Il primo matrimonio finito con una separazione, da cui le erano rimasti due figli maschi, poi aveva conosciuto Paolo Chieco, manovale ex macellaio da cui aveva avuto una bambina. Quando la loro relazione terminò, l’uomo non lo accettò. Il 13 luglio 2005 l’aspettò sotto casa e l’accoltellò al torace, al collo e alla pancia. Poi chiamò il 113 dicendo di aver ucciso la convivente, ma Anna Rosa Fontana si salvò appunto grazie ai soccorsi. La condanna per tentato omicidio fu di 12 anni e 6 mesi. Nel 2008, in appello, riuscì ad ottenere la riduzione della condanna a 6 anni di carcere. Con l’indulto, tornò in libertà nel 2009 dopo 4 mesi in carcere e 19 mesi ai domiciliari.



“ANNA ROSA FONTANA LASCIATA SOLA DALLA GIUSTIZIA”

Il ritorno in libertà dell’ex convivente Paolo Chieco fu per Anna Rosa Fontana il ritorno dell’incubo. Nell’ottobre 2010 lo denunciò perché aveva ripreso a perseguitarla. I due abitavano a 300 metri di distanza, sufficienti per l’uomo per spiarla. In un’occasione riuscì a portarla in una stradina, per minacciarla, e le mise una corda al collo. A dicembre in una telefonata alla madre confessava i suoi timori: «Ho paura. Mi chiudo nel portone per nascondermi». Nonostante le sue denunce, fu di nuovo raggiunta dall’uomo, che con sei coltellate riuscì nell’intento di ucciderla. Per l’omicidio è stato condannato a 30 anni di carcere.

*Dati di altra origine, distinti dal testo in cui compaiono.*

(* Let $\Gamma\in(0,1]$ and let $F$ be the cumulative distribution function of a nonnegative random variable such that $F(\Gamma)<1$ and, for some $\Gamma'>\Gamma$, $F$ has on $[0,\Gamma']$ a density $f$ that is differentiable with bounded derivative. Let $h_F(x)=f(x)/(1-F(x))$. For each $N\ge 2$ let $(B^N(t),D^N(t))_{t\ge 0}$ be the scaled HILT Markov chain described in the context, with $B^N(0)=0$ and $D^N(0)/N\to d_0\in(0,1]$ as $N\to\infty$, and put $\tilde B^N(t)=B^N(t)/N$, $\tilde D^N(t)=D^N(t)/N$. Then for every $T>0$ and every $\epsilon>0$, $$\mathbb{P}\Big(\sup_{0\le u\le T}\big\|(\tilde B^N(\lfloor Nu\rfloor),\tilde D^N(\lfloor Nu\rfloor))-(b(u),d(u))\big\|>\epsilon\Big)\xrightarrow{N\to\infty}0,$$ where $(b,d)$ is the unique solution of $$\dot b=d,\qquad \dot d=h_F(\Gamma b)\,\Gamma d\,(1-b-d)-d,$$ with $b(0)=0$, $d(0)=d_0$.
   Context: HILT (Homogeneous Influence Linear Threshold) model: $N$ nodes; each node $i$ draws, once and for all, a threshold $\Theta_i$, the $\Theta_i$ being i.i.d. with c.d.f. $F$; every ordered pair of nodes carries influence weight $\gamma_N=\Gamma/(N-1)$. A relay (not yet interested node) becomes a destination (interested node) once $\gamma_N$ times the number of destinations whose influence has been counted is at least its threshold; this is irreversible. Scaled HILT Markov chain: $B^N(t)$ is the number of non-infectious destinations and $D^N(t)$ the number of infectious destinations at minislot $t$, with $B^N(t)+D^N(t)\le N$; the remaining $N-B^N(t)-D^N(t)$ nodes are relays. Given $(B^N(t),D^N(t))=(j,m)$: (i) each of the $m$ infectious destinations independently, with probability $1/N$, exerts its influence and becomes non-infectious; let $C$ be their number (so $C\sim\mathrm{Bin}(m,1/N)$); (ii) given $C=c$, each of the $N-j-m$ relays independently becomes an (infectious) destination with probability $\frac{F(\gamma_N(j+c))-F(\gamma_N j)}{1-F(\gamma_N j)}$; let $E$ be their number; (iii) $B^N(t+1)=j+c$, $D^N(t+1)=m-c+E$. *)

theory Defs
  imports "HOL-Probability.Probability"
begin

definition gammaN :: "real \<Rightarrow> nat \<Rightarrow> real" where
  "gammaN \<Gamma> N = \<Gamma> / (real N - 1)"

text \<open>One minislot of the scaled HILT Markov chain. State (j, m): j non-infectious
  destinations, m infectious destinations, N - j - m relays.\<close>
definition hilt_step :: "(real \<Rightarrow> real) \<Rightarrow> real \<Rightarrow> nat \<Rightarrow> nat \<times> nat \<Rightarrow> (nat \<times> nat) pmf" where
  "hilt_step F \<Gamma> N s = (case s of (j, m) \<Rightarrow>
     do { c \<leftarrow> binomial_pmf m (1 / real N);
          e \<leftarrow> binomial_pmf (N - j - m)
                 ((F (gammaN \<Gamma> N * real (j + c)) - F (gammaN \<Gamma> N * real j))
                    / (1 - F (gammaN \<Gamma> N * real j)));
          return_pmf (j + c, m - c + e) })"

fun hilt_path :: "(real \<Rightarrow> real) \<Rightarrow> real \<Rightarrow> nat \<Rightarrow> nat \<times> nat \<Rightarrow> nat \<Rightarrow> (nat \<times> nat) list pmf" where
  "hilt_path F \<Gamma> N s0 0 = return_pmf [s0]"
| "hilt_path F \<Gamma> N s0 (Suc n) =
     bind_pmf (hilt_path F \<Gamma> N s0 n) (\<lambda>xs. map_pmf (\<lambda>s. xs @ [s]) (hilt_step F \<Gamma> N (last xs)))"

definition hazard :: "(real \<Rightarrow> real) \<Rightarrow> (real \<Rightarrow> real) \<Rightarrow> real \<Rightarrow> real" where
  "hazard F f x = f x / (1 - F x)"

definition hilt_ode_sol :: "(real \<Rightarrow> real) \<Rightarrow> (real \<Rightarrow> real) \<Rightarrow> real \<Rightarrow> real \<Rightarrow>
    (real \<Rightarrow> real) \<Rightarrow> (real \<Rightarrow> real) \<Rightarrow> bool" where
  "hilt_ode_sol F f \<Gamma> d0 b d \<longleftrightarrow> b 0 = 0 \<and> d 0 = d0 \<and>
     (\<forall>u\<ge>0. (b has_real_derivative d u) (at u within {0..}) \<and>
            (d has_real_derivative
               (hazard F f (\<Gamma> * b u) * \<Gamma> * d u * (1 - b u - d u) - d u)) (at u within {0..}))"

end

theory Submission
  imports Defs
begin

(*
  Along any solution, b + d = 1 - (1 - d0) (1 - F (Gamma b)) is conserved, so
  d = phi b for an explicit Lipschitz function phi, and b solves the autonomous scalar ODE
  b' = phi b. With b_star the first zero of phi, the time map T(y) = int_{-1}^{y} 1/phi is a
  strictly increasing bijection onto the times, and its inverse bsol is the unique solution;
  uniqueness of the planar system follows by Gronwall's lemma (one application for the
  conservation law, one for the scalar ODE), after showing that b stays in [0,1].

  For the squared distance between the scaled chain and (bsol, dsol) at the
  matching time, a one-step estimate (binomial moments, a Taylor expansion of F and
  Lipschitz bounds on the hazard rate) gives, for the mean squared error Q(k) after k steps
  (msq_err), the recursion Q(k+1) <= (1 + C1/N) Q(k) + C2/N^2, hence
  Q(k) = O(1/N + (D0 N/N - d0)^2) uniformly for k <= N T. Since the components B and
  B + D of the chain are nondecreasing, as are bsol and bsol + dsol, the supremum over [0,T]
  is controlled by the errors on a fixed finite time grid; Markov's inequality and a union
  bound over the grid finish the proof.
*)

abbreviation E :: "'a pmf \<Rightarrow> ('a \<Rightarrow> real) \<Rightarrow> real" where
  "E p g \<equiv> measure_pmf.expectation p g"

lemma E_sum: "finite (set_pmf p) \<Longrightarrow> E p g = (\<Sum>a\<in>set_pmf p. pmf p a * g a)"
  by (subst integral_measure_pmf[of "set_pmf p"]) auto

lemma E_bind:
  assumes "finite (set_pmf p)" "\<And>x. x \<in> set_pmf p \<Longrightarrow> finite (set_pmf (f x))"
  shows "E (p \<bind> f) h = E p (\<lambda>x. E (f x) h)"
  using assms by (subst pmf_expectation_bind[of "set_pmf p"]) (auto simp: E_sum)

lemma E_cong: "(\<And>x. x \<in> set_pmf p \<Longrightarrow> g x = g' x) \<Longrightarrow> E p g = E p g'"
  by (rule integral_cong_AE) (auto simp: AE_measure_pmf_iff)

lemma E_mono: "finite (set_pmf p) \<Longrightarrow> (\<And>x. x \<in> set_pmf p \<Longrightarrow> g x \<le> g' x) \<Longrightarrow> E p g \<le> E p g'"
  by (rule integral_mono_AE) (auto simp: AE_measure_pmf_iff integrable_measure_pmf_finite)

lemma E_add: "finite (set_pmf p) \<Longrightarrow> E p (\<lambda>x. g x + g' x) = E p g + E p g'"
  by (rule Bochner_Integration.integral_add) (auto simp: integrable_measure_pmf_finite)

lemma E_diff: "finite (set_pmf p) \<Longrightarrow> E p (\<lambda>x. g x - g' x) = E p g - E p g'"
  by (rule Bochner_Integration.integral_diff) (auto simp: integrable_measure_pmf_finite)

lemma E_const: "E p (\<lambda>x. c) = c"
  by (simp add: measure_pmf.prob_space)

lemma E_abs: "finite (set_pmf p) \<Longrightarrow> \<bar>E p g\<bar> \<le> E p (\<lambda>x. \<bar>g x\<bar>)"
  using integral_abs_bound[of "measure_pmf p" g] by simp

text \<open>The mean square deviation from any target t is at most the mean square deviation from
  another point a plus the squared bias; this is how one-step errors are propagated.\<close>
lemma E_sq_shift:
  assumes fin: "finite (set_pmf p)"
  shows "E p (\<lambda>x. (Z x - t)^2) \<le> E p (\<lambda>x. (Z x - a)^2) + (E p Z - t)^2"
proof -
  have eq: "(Z x - t)^2 = (Z x - a)^2 + 2 * (a - t) * Z x + (t^2 - a^2)" for x
    by (simp add: power2_eq_square algebra_simps)
  have "E p (\<lambda>x. (Z x - t)^2) = E p (\<lambda>x. (Z x - a)^2 + 2 * (a - t) * Z x + (t^2 - a^2))"
    by (simp only: eq)
  also have "\<dots> = E p (\<lambda>x. (Z x - a)^2) + 2 * (a - t) * E p Z + (t^2 - a^2)"
    using fin by (simp add: E_add E_const)
  also have "\<dots> = E p (\<lambda>x. (Z x - a)^2) + (E p Z - t)^2 - (E p Z - a)^2"
    by (simp add: power2_eq_square algebra_simps)
  also have "\<dots> \<le> E p (\<lambda>x. (Z x - a)^2) + (E p Z - t)^2" by simp
  finally show ?thesis .
qed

Nel frattempo, i figli della vittima hanno ingaggiato una battaglia legale per chiedere il risarcimento ai ministeri dell’Interno e della Difesa, accusati di essere responsabili della presunta condotta omissiva delle forze dell’ordine, che quella sera, nonostante le numerose telefonate di Anna Rosa Fontana, non intervennero. La vicenda è stata raccontata anche da Le Iene, con l’intervista ad Antonio, oggi trentenne, ma all’epoca dei fatti 17enne. «L’ha perseguitata per tanti anni. Se avessero fatto qualcosa, a quest’ora un abbraccio di nostra madre lo potevamo ancora avere», disse ai microfoni di Nina Palmieri.